EXERCISE PROMPT — In the data that follows, find the line with "vector_space sV \<and>"; transcribe it, every later line up to the one with "('k \<Rightarrow> 'v", and that line as well, exactly and with no others.

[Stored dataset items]
-------

(* For any $k$-algebra $A$, the map $\mathrm{Irr}(A)\to\mathrm{Irr}(A_{\mathbb{C}})$, $V\mapsto V_{\mathbb{C}}$, is a bijection.
   Context: $k=\mathcal{O}(X)$ is the coordinate algebra of a complex affine variety $X$. A $k$-algebra is a (not necessarily unital or commutative) $\mathbb{C}$-algebra $A$ which is a unital left $k$-module with $\lambda(\omega a)=\omega(\lambda a)=(\lambda\omega)a$ and $\omega(a_1a_2)=(\omega a_1)a_2=a_1(\omega a_2)$. An $A$-module is a complex vector space $V$ with algebra morphisms $A\to\mathrm{Hom}_{\mathbb{C}}(V,V)$ and a unital $k\to\mathrm{Hom}_{\mathbb{C}}(V,V)$ with $(\omega a)v=\omega(av)=a(\omega v)$; irreducible means $AV\neq 0$ and no subspace $0\neq W\neq V$ stable under $A$ and $k$; two $A$-modules are equivalent if there is a linear isomorphism intertwining both the $A$- and $k$-actions. $\mathrm{Irr}(A)$ is the set of equivalence classes of irreducible $A$-modules. $A_{\mathbb{C}}$ is $A$ with the $k$-action forgotten; irreducibility and equivalence of $A_{\mathbb{C}}$-modules are defined the same way using only the action of $A_{\mathbb{C}}$, and $\mathrm{Irr}(A_{\mathbb{C}})$ is the set of equivalence classes of irreducible $A_{\mathbb{C}}$-modules. $V_{\mathbb{C}}$ is the $A$-module $V$ with the $k$-action forgotten. *)

theory Defs
  imports Complex_Main
begin

text \<open>A complex algebra: a ring (class ring is non-unital) together with a complex
  scalar multiplication making it a complex vector space, bilinear multiplication.\<close>
definition complex_algebra :: "(complex \<Rightarrow> 'a::ring \<Rightarrow> 'a) \<Rightarrow> bool" where
  "complex_algebra s \<longleftrightarrow> vector_space s \<and>
     (\<forall>c x y. s c (x * y) = s c x * y \<and> s c (x * y) = x * s c y)"

inductive_set gen_subalg :: "(complex \<Rightarrow> 'k::comm_ring_1 \<Rightarrow> 'k) \<Rightarrow> 'k set \<Rightarrow> 'k set"
  for s :: "complex \<Rightarrow> 'k \<Rightarrow> 'k" and S :: "'k set" where
  gen: "x \<in> S \<Longrightarrow> x \<in> gen_subalg s S"
| one: "1 \<in> gen_subalg s S"
| add: "x \<in> gen_subalg s S \<Longrightarrow> y \<in> gen_subalg s S \<Longrightarrow> x + y \<in> gen_subalg s S"
| mult: "x \<in> gen_subalg s S \<Longrightarrow> y \<in> gen_subalg s S \<Longrightarrow> x * y \<in> gen_subalg s S"
| scale: "x \<in> gen_subalg s S \<Longrightarrow> s c x \<in> gen_subalg s S"

text \<open>Coordinate algebras of complex affine varieties = finitely generated reduced
  commutative unital complex algebras.\<close>
definition coordinate_algebra :: "(complex \<Rightarrow> 'k::comm_ring_1 \<Rightarrow> 'k) \<Rightarrow> bool" where
  "coordinate_algebra s \<longleftrightarrow> complex_algebra s \<and>
     (\<exists>S. finite S \<and> gen_subalg s S = UNIV) \<and>
     (\<forall>(x::'k) (n::nat). x ^ n = 0 \<longrightarrow> x = 0)"

definition k_algebra ::
  "(complex \<Rightarrow> 'k::comm_ring_1 \<Rightarrow> 'k) \<Rightarrow> (complex \<Rightarrow> 'a::ring \<Rightarrow> 'a) \<Rightarrow> ('k \<Rightarrow> 'a \<Rightarrow> 'a) \<Rightarrow> bool" where
  "k_algebra sK sA act \<longleftrightarrow> complex_algebra sA \<and> module act \<and>
     (\<forall>c w a. sA c (act w a) = act w (sA c a) \<and> sA c (act w a) = act (sK c w) a) \<and>
     (\<forall>w a1 a2. act w (a1 * a2) = act w a1 * a2 \<and> act w (a1 * a2) = a1 * act w a2)"

definition AC_module ::
  "(complex \<Rightarrow> 'a::ring \<Rightarrow> 'a) \<Rightarrow> (complex \<Rightarrow> 'v::ab_group_add \<Rightarrow> 'v) \<Rightarrow> ('a \<Rightarrow> 'v \<Rightarrow> 'v) \<Rightarrow> bool" where
  "AC_module sA sV rho \<longleftrightarrow> vector_space sV \<and>
     (\<forall>a. Vector_Spaces.linear sV sV (rho a)) \<and>
     (\<forall>a b v. rho (a + b) v = rho a v + rho b v) \<and>
     (\<forall>c a v. rho (sA c a) v = sV c (rho a v)) \<and>
     (\<forall>a b v. rho (a * b) v = rho a (rho b v))"

definition A_module ::
  "(complex \<Rightarrow> 'k::comm_ring_1 \<Rightarrow> 'k) \<Rightarrow> (complex \<Rightarrow> 'a::ring \<Rightarrow> 'a) \<Rightarrow> ('k \<Rightarrow> 'a \<Rightarrow> 'a) \<Rightarrow>
   (complex \<Rightarrow> 'v::ab_group_add \<Rightarrow> 'v) \<Rightarrow> ('a \<Rightarrow> 'v \<Rightarrow> 'v) \<Rightarrow> ('k \<Rightarrow> 'v \<Rightarrow> 'v) \<Rightarrow> bool" where
  "A_module sK sA act sV rho kap \<longleftrightarrow> AC_module sA sV rho \<and>
     (\<forall>w. Vector_Spaces.linear sV sV (kap w)) \<and>
     (\<forall>w u v. kap (w + u) v = kap w v + kap u v) \<and>
     (\<forall>c w v. kap (sK c w) v = sV c (kap w v)) \<and>
     (\<forall>w u v. kap (w * u) v = kap w (kap u v)) \<and>
     (\<forall>v. kap 1 v = v) \<and>
     (\<forall>w a v. rho (act w a) v = kap w (rho a v) \<and> rho (act w a) v = rho a (kap w v))"

definition irreducible_AC ::
  "(complex \<Rightarrow> 'a::ring \<Rightarrow> 'a) \<Rightarrow> (complex \<Rightarrow> 'v::ab_group_add \<Rightarrow> 'v) \<Rightarrow> ('a \<Rightarrow> 'v \<Rightarrow> 'v) \<Rightarrow> bool" where
  "irreducible_AC sA sV rho \<longleftrightarrow> AC_module sA sV rho \<and>
     (\<exists>a v. rho a v \<noteq> 0) \<and>
     \<not> (\<exists>W. module.subspace sV W \<and> W \<noteq> {0} \<and> W \<noteq> UNIV \<and>
            (\<forall>a. \<forall>v\<in>W. rho a v \<in> W))"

-------

REPLY TO THE TASK —
  "AC_module sA sV rho \<longleftrightarrow> vector_space sV \<and>
     (\<forall>a. Vector_Spaces.linear sV sV (rho a)) \<and>
     (\<forall>a b v. rho (a + b) v = rho a v + rho b v) \<and>
     (\<forall>c a v. rho (sA c a) v = sV c (rho a v)) \<and>
     (\<forall>a b v. rho (a * b) v = rho a (rho b v))"

definition A_module ::
  "(complex \<Rightarrow> 'k::comm_ring_1 \<Rightarrow> 'k) \<Rightarrow> (complex \<Rightarrow> 'a::ring \<Rightarrow> 'a) \<Rightarrow> ('k \<Rightarrow> 'a \<Rightarrow> 'a) \<Rightarrow>
   (complex \<Rightarrow> 'v::ab_group_add \<Rightarrow> 'v) \<Rightarrow> ('a \<Rightarrow> 'v \<Rightarrow> 'v) \<Rightarrow> ('k \<Rightarrow> 'v \<Rightarrow> 'v) \<Rightarrow> bool" where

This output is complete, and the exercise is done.